Collected data entries
--- START ---

(* Let $K\ge2$. The capacity region of the $K$-receiver combination network with nested messages $M_{\overline{K}}$ (required by receivers $[1:K-1]$) and $M_{[1:K]}$ (required by all receivers) is the set of rate pairs $(R_{\overline{K}},R_{[1:K]})$ with $R_{[1:K]}\le C_{\mathsf{W}_K^{\mathsf{P}}}$ and $R_{[1:K]}+R_{\overline{K}}\le C_{\mathsf{W}_j^{\mathsf{P}}}$ for all $j\in[1:K-1]$.
   Context: The $K$-receiver combination network with capacities $C_S\ge0$, $S\in\mathsf{P}$ ($\mathsf{P}$ = nonempty subsets of $[1:K]$): deterministic broadcast channel with input $X=(V_S:S\in\mathsf{P})$, $|\mathcal{V}_S|=2^{C_S}$, and outputs $Y_i=(V_S:S\in\mathsf{W}_i^{\mathsf{P}})$ where $\mathsf{W}_i^{\mathsf{P}}=\{T\in\mathsf{P}:i\in T\}$. Messages independent, each required by the indicated receivers; achievability and capacity region as usual. $C_{\mathsf{W}}=\sum_{S\in\mathsf{W}}C_S$; $\overline{K}$ denotes $[1:K]\setminus\{K\}$. *)

theory Defs
  imports "HOL-Analysis.Analysis"
begin

text \<open>Receivers are 1..K, links are indexed by
the nonempty subsets S of {1..K}. Link S carries one symbol of an alphabet of size
2 powr C S per channel use; over a block of n channel uses it therefore carries one
symbol from an alphabet of size (2 powr C S)^n, encoded as a natural number below that.\<close>

definition links :: "nat \<Rightarrow> nat set set" where
  "links K = {S. S \<subseteq> {1..K} \<and> S \<noteq> {}}"

definition W :: "nat \<Rightarrow> nat \<Rightarrow> nat set set" where
  "W K i = {T \<in> links K. i \<in> T}"

definition capW :: "(nat set \<Rightarrow> real) \<Rightarrow> nat set set \<Rightarrow> real" where
  "capW C Ws = (\<Sum>S\<in>Ws. C S)"

definition blk_alph :: "(nat set \<Rightarrow> real) \<Rightarrow> nat \<Rightarrow> nat set \<Rightarrow> nat" where
  "blk_alph C n S = nat \<lfloor>2 powr C S\<rfloor> ^ n"

definition msg_size :: "nat \<Rightarrow> real \<Rightarrow> nat" where
  "msg_size n R = nat \<lceil>2 powr (real n * R)\<rceil>"

definition rx_out :: "nat \<Rightarrow> (nat set \<Rightarrow> nat \<Rightarrow> nat \<Rightarrow> nat) \<Rightarrow> nat \<Rightarrow> nat \<Rightarrow> nat \<Rightarrow> (nat set \<Rightarrow> nat)" where
  "rx_out K enc j a b = (\<lambda>S. if S \<in> W K j then enc S a b else 0)"

text \<open>A code of block length n for the nested message set: message a (=M_{Kbar}, wanted by
receivers 1..K-1) ranges over {0..<m1}, message b (=M_{[1:K]}, wanted by everyone) over {0..<m2}.
enc S a b is the block transmitted on link S. dec j maps receiver j's output to an estimate
(a', b'); receiver K only uses the second component.\<close>
definition valid_encoder :: "nat \<Rightarrow> (nat set \<Rightarrow> real) \<Rightarrow> nat \<Rightarrow> nat \<Rightarrow> nat \<Rightarrow> (nat set \<Rightarrow> nat \<Rightarrow> nat \<Rightarrow> nat) \<Rightarrow> bool" where
  "valid_encoder K C n m1 m2 enc \<longleftrightarrow>
     (\<forall>S\<in>links K. \<forall>a<m1. \<forall>b<m2. enc S a b < blk_alph C n S)"

definition error_event :: "nat \<Rightarrow> (nat set \<Rightarrow> nat \<Rightarrow> nat \<Rightarrow> nat) \<Rightarrow> (nat \<Rightarrow> (nat set \<Rightarrow> nat) \<Rightarrow> nat \<times> nat) \<Rightarrow> nat \<Rightarrow> nat \<Rightarrow> bool" where
  "error_event K enc dec a b \<longleftrightarrow>
     (\<exists>j\<in>{1..<K}. dec j (rx_out K enc j a b) \<noteq> (a, b)) \<or> snd (dec K (rx_out K enc K a b)) \<noteq> b"

definition error_prob :: "nat \<Rightarrow> nat \<Rightarrow> nat \<Rightarrow> (nat set \<Rightarrow> nat \<Rightarrow> nat \<Rightarrow> nat) \<Rightarrow> (nat \<Rightarrow> (nat set \<Rightarrow> nat) \<Rightarrow> nat \<times> nat) \<Rightarrow> real" where
  "error_prob K m1 m2 enc dec =
     real (card {(a, b). a < m1 \<and> b < m2 \<and> error_event K enc dec a b}) / (real m1 * real m2)"

text \<open>(R1, R2) = (R_{Kbar}, R_{[1:K]}) is achievable if both rates are nonnegative and there is a
sequence of (2^{nR1}, 2^{nR2}, n) codes whose error probability tends to 0.\<close>
definition achievable :: "nat \<Rightarrow> (nat set \<Rightarrow> real) \<Rightarrow> real \<times> real \<Rightarrow> bool" where
  "achievable K C R \<longleftrightarrow> fst R \<ge> 0 \<and> snd R \<ge> 0 \<and>
     (\<exists>Pe :: nat \<Rightarrow> real. Pe \<longlonglongrightarrow> 0 \<and>
        (\<forall>n. \<exists>enc dec. valid_encoder K C n (msg_size n (fst R)) (msg_size n (snd R)) enc \<and>
             error_prob K (msg_size n (fst R)) (msg_size n (snd R)) enc dec \<le> Pe n))"

definition capacity_region :: "nat \<Rightarrow> (nat set \<Rightarrow> real) \<Rightarrow> (real \<times> real) set" where
  "capacity_region K C = closure {R. achievable K C R}"

end

theory Submission
  imports Defs
begin

(* Receiver j observes only the links in W_j, so over a block of length n its output
   takes at most 2^(n C(W_j)) values. A decoder that is correct on a set G of message pairs is
   injective on G, hence the error probability is at least 1 - 2^(n C(W_j)) / (number of message
   pairs); vanishing error forces R_Kbar + R_[1:K] <= C(W_j). For receiver K the same count, done
   for each fixed private message, gives R_[1:K] <= C(W_K).

   Achievability, by superposition coding with binning, built greedily instead of randomly. The
   private rate is split as r1 + r2. Cloud centres indexed by the common message and the r1-part
   are words on all links, any two of which differ on W_K, so receiver K decodes the centre. A
   receiver j < K sees a centre only through W_j \<inter> W_K; the centres are divided into bins by
   their index modulo L_j so that centres in one bin differ there. The codewords (satellites)
   agree with their centre on W_K and are chosen such that any two whose centres look alike on
   W_j \<inter> W_K differ on W_j - W_K. Each greedy step succeeds as long as fewer words are
   forbidden than are available; for t times a point of the region, t < 1, this holds for all
   large n, and the region is the closure of these scaled points. *)

section \<open>Words and greedy choice\<close>

definition agree_on :: "'a set \<Rightarrow> ('a \<Rightarrow> 'b) \<Rightarrow> ('a \<Rightarrow> 'b) \<Rightarrow> bool" where
  "agree_on T x y \<longleftrightarrow> (\<forall>i\<in>T. x i = y i)"

definition words :: "'a set \<Rightarrow> ('a \<Rightarrow> nat) \<Rightarrow> ('a \<Rightarrow> nat) set" where
  "words I q = (\<Pi>\<^sub>E i\<in>I. {..<q i})"

definition words_agreeing :: "'a set \<Rightarrow> ('a \<Rightarrow> nat) \<Rightarrow> 'a set \<Rightarrow> ('a \<Rightarrow> nat) \<Rightarrow> ('a \<Rightarrow> nat) set" where
  "words_agreeing I q T y = {x \<in> words I q. agree_on T x y}"

lemma agree_on_sym: "agree_on T x y \<longleftrightarrow> agree_on T y x"
  unfolding agree_on_def by auto

lemma finite_words: "finite I \<Longrightarrow> finite (words I q)"
  unfolding words_def by (simp add: finite_PiE)

lemma card_words: "finite I \<Longrightarrow> card (words I q) = prod q I"
  unfolding words_def by (simp add: card_PiE)

lemma finite_words_agreeing: "finite I \<Longrightarrow> finite (words_agreeing I q T y)"
  unfolding words_agreeing_def by (simp add: finite_words)

lemma card_words_agreeing_le:
  assumes "finite I"
  shows "card (words_agreeing I q T y) \<le> prod q (I - T)"
proof -
  have "inj_on (\<lambda>x. restrict x (I - T)) (words_agreeing I q T y)"
  proof (rule inj_onI)
    fix x z assume x: "x \<in> words_agreeing I q T y" and z: "z \<in> words_agreeing I q T y"
      and eq: "restrict x (I - T) = restrict z (I - T)"
    have "x i = z i" if "i \<in> I" for i
    proof (cases "i \<in> T")
      case True
      then show ?thesis using x z by (simp add: words_agreeing_def agree_on_def)
    next
      case False
      then show ?thesis using fun_cong[OF eq, of i] that by simp
    qed
    then show "x = z"
      using x z unfolding words_agreeing_def words_def by (auto intro: PiE_ext)
  qed
  moreover have "(\<lambda>x. restrict x (I - T)) ` words_agreeing I q T y \<subseteq> words (I - T) q"
    unfolding words_agreeing_def words_def by auto
  ultimately have "card (words_agreeing I q T y) \<le> card (words (I - T) q)"
    using assms by (intro card_inj_on_le) (auto intro: finite_words)
  then show ?thesis using assms by (simp add: card_words)
qed

lemma card_words_agreeing:
  assumes "finite I" "T \<subseteq> I" "\<forall>i\<in>T. y i < q i"
  shows "card (words_agreeing I q T y) = prod q (I - T)"
proof (rule antisym[OF card_words_agreeing_le[OF assms(1)]])
  let ?merge = "\<lambda>z i. if i \<in> T then y i else z i"
  have "inj_on ?merge (words (I - T) q)"
  proof (rule inj_onI)
    fix z z' assume z: "z \<in> words (I - T) q" and z': "z' \<in> words (I - T) q"
      and eq: "?merge z = ?merge z'"
    have "z i = z' i" if "i \<in> I - T" for i
      using fun_cong[OF eq, of i] that by simp
    then show "z = z'" using z z' unfolding words_def by (auto intro: PiE_ext)
  qed
  moreover have "?merge z \<in> words_agreeing I q T y" if z: "z \<in> words (I - T) q" for z
  proof -
    have "?merge z \<in> words I q"
      using assms(2,3) z unfolding words_def PiE_def extensional_def by auto
    then show ?thesis unfolding words_agreeing_def agree_on_def by simp
  qed
  ultimately have "card (words (I - T) q) \<le> card (words_agreeing I q T y)"
    using assms(1) by (intro card_inj_on_le) (auto intro: finite_words_agreeing)
  then show "prod q (I - T) \<le> card (words_agreeing I q T y)"
    using assms by (simp add: card_words)
qed

lemma card_words_agreeing_both_le:
  assumes "finite I"
  shows "card {x \<in> words_agreeing I q U y. agree_on T x z} \<le> prod q (I - (U \<union> T))"
proof -
  have "{x \<in> words_agreeing I q U y. agree_on T x z}
      \<subseteq> words_agreeing I q (U \<union> T) (\<lambda>a. if a \<in> U then y a else z a)"
    unfolding words_agreeing_def agree_on_def by auto
  then have "card {x \<in> words_agreeing I q U y. agree_on T x z}
      \<le> card (words_agreeing I q (U \<union> T) (\<lambda>a. if a \<in> U then y a else z a))"
    by (rule card_mono[OF finite_words_agreeing[OF assms]])
  also have "\<dots> \<le> prod q (I - (U \<union> T))" by (rule card_words_agreeing_le[OF assms])
  finally show ?thesis .
qed

lemma greedy_sequence_exists:
  fixes Allowed :: "nat \<Rightarrow> 'a set" and Forbidden :: "nat \<Rightarrow> (nat \<Rightarrow> 'a) \<Rightarrow> 'a set"
  assumes local: "\<And>i f g. (\<And>k. k < i \<Longrightarrow> f k = g k) \<Longrightarrow> Forbidden i f = Forbidden i g"
    and few: "\<And>i f. i < N \<Longrightarrow> finite (Forbidden i f) \<and> card (Forbidden i f) < card (Allowed i)"
  shows "\<exists>f. \<forall>i<N. f i \<in> Allowed i - Forbidden i f"
  using few
proof (induction N)
  case 0
  then show ?case by simp
next
  case (Suc N)
  obtain f where f: "\<forall>i<N. f i \<in> Allowed i - Forbidden i f"
    using Suc.IH Suc.prems by (meson less_SucI)
  have "\<not> Allowed N \<subseteq> Forbidden N f"
    using Suc.prems[of N f] by (auto dest: card_mono)
  then obtain x where x: "x \<in> Allowed N - Forbidden N f" by blast
  have "(f(N := x)) i \<in> Allowed i - Forbidden i (f(N := x))" if "i < Suc N" for i
  proof -
    have "Forbidden i (f(N := x)) = Forbidden i f"
      using that by (intro local) simp
    then show ?thesis using f x that by (cases "i = N") simp_all
  qed
  then show ?case by (intro exI[of _ "f(N := x)"]) blast
qed

lemma card_UN_le_mult:
  assumes "finite A" "\<And>a. a \<in> A \<Longrightarrow> card (B a) \<le> c"
  shows "card (\<Union>a\<in>A. B a) \<le> card A * c"
  using card_UN_le[OF assms(1), of B] sum_bounded_above[of A "\<lambda>a. card (B a)" c] assms(2)
  by simp

lemma greedy_words_exist:
  fixes c :: "nat \<Rightarrow> 'a \<Rightarrow> nat" and T :: "'j \<Rightarrow> 'a set" and Clash :: "'j \<Rightarrow> nat \<Rightarrow> nat set"
  assumes I: "finite I" "U \<subseteq> I" and J: "finite J"
    and c: "\<And>i a. i < N \<Longrightarrow> a \<in> U \<Longrightarrow> c i a < q a"
    and Clash: "\<And>j i. Clash j i \<subseteq> {..<i}"
    and few: "\<And>i. i < N \<Longrightarrow> (\<Sum>j\<in>J. card (Clash j i) * prod q (I - (U \<union> T j))) < prod q (I - U)"
  shows "\<exists>f. \<forall>i<N. f i \<in> words_agreeing I q U (c i) \<and>
    (\<forall>j\<in>J. \<forall>i'\<in>Clash j i. \<not> agree_on (T j) (f i) (f i'))"
proof -
  define Forbidden where "Forbidden i f = (\<Union>j\<in>J. \<Union>i'\<in>Clash j i.
      {x \<in> words_agreeing I q U (c i). agree_on (T j) x (f i')})" for i and f :: "nat \<Rightarrow> 'a \<Rightarrow> nat"
  have "\<exists>f. \<forall>i<N. f i \<in> words_agreeing I q U (c i) - Forbidden i f"
  proof (rule greedy_sequence_exists)
    fix i and f g :: "nat \<Rightarrow> 'a \<Rightarrow> nat" assume prefix: "\<And>i'. i' < i \<Longrightarrow> f i' = g i'"
    show "Forbidden i f = Forbidden i g"
      unfolding Forbidden_def
    proof (intro SUP_cong refl)
      fix j i' assume "i' \<in> Clash j i"
      then have "f i' = g i'" using prefix Clash by blast
      then show "{x \<in> words_agreeing I q U (c i). agree_on (T j) x (f i')} =
          {x \<in> words_agreeing I q U (c i). agree_on (T j) x (g i')}" by (simp only:)
    qed
  next
    fix i and f :: "nat \<Rightarrow> 'a \<Rightarrow> nat" assume i: "i < N"
    have "card {x \<in> words_agreeing I q U (c i). agree_on (T j) x (f i')} \<le> prod q (I - (U \<union> T j))"
      for j i' by (rule card_words_agreeing_both_le[OF I(1)])
    then have "card (Forbidden i f) \<le> (\<Sum>j\<in>J. card (Clash j i) * prod q (I - (U \<union> T j)))"
      unfolding Forbidden_def using finite_subset[OF Clash]
      by (intro order_trans[OF card_UN_le[OF J]] sum_mono card_UN_le_mult) auto
    also have "\<dots> < card (words_agreeing I q U (c i))"
      using few[OF i] card_words_agreeing[OF I] c[OF i] by simp
    finally show "finite (Forbidden i f) \<and> card (Forbidden i f) < card (words_agreeing I q U (c i))"
      using finite_words_agreeing[OF I(1)] unfolding Forbidden_def by (auto intro: finite_subset)
  qed
  then obtain f where f: "\<forall>i<N. f i \<in> words_agreeing I q U (c i) - Forbidden i f" ..
  have "\<not> agree_on (T j) (f i) (f i')" if "i < N" "j \<in> J" "i' \<in> Clash j i" for i j i'
  proof
    assume "agree_on (T j) (f i) (f i')"
    then have "f i \<in> Forbidden i f" using f that unfolding Forbidden_def by auto
    then show False using f that by blast
  qed
  then show ?thesis using f by blast
qed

--- END ---

The word "assms" appears in some lines above. Return every one of those lines.

Your response:
    using assms by (intro card_inj_on_le) (auto intro: finite_words)
  then show ?thesis using assms by (simp add: card_words)
proof (rule antisym[OF card_words_agreeing_le[OF assms(1)]])
      using assms(2,3) z unfolding words_def PiE_def extensional_def by auto
    using assms(1) by (intro card_inj_on_le) (auto intro: finite_words_agreeing)
    using assms by (simp add: card_words)
    by (rule card_mono[OF finite_words_agreeing[OF assms]])
  also have "\<dots> \<le> prod q (I - (U \<union> T))" by (rule card_words_agreeing_le[OF assms])
  using card_UN_le[OF assms(1), of B] sum_bounded_above[of A "\<lambda>a. card (B a)" c] assms(2)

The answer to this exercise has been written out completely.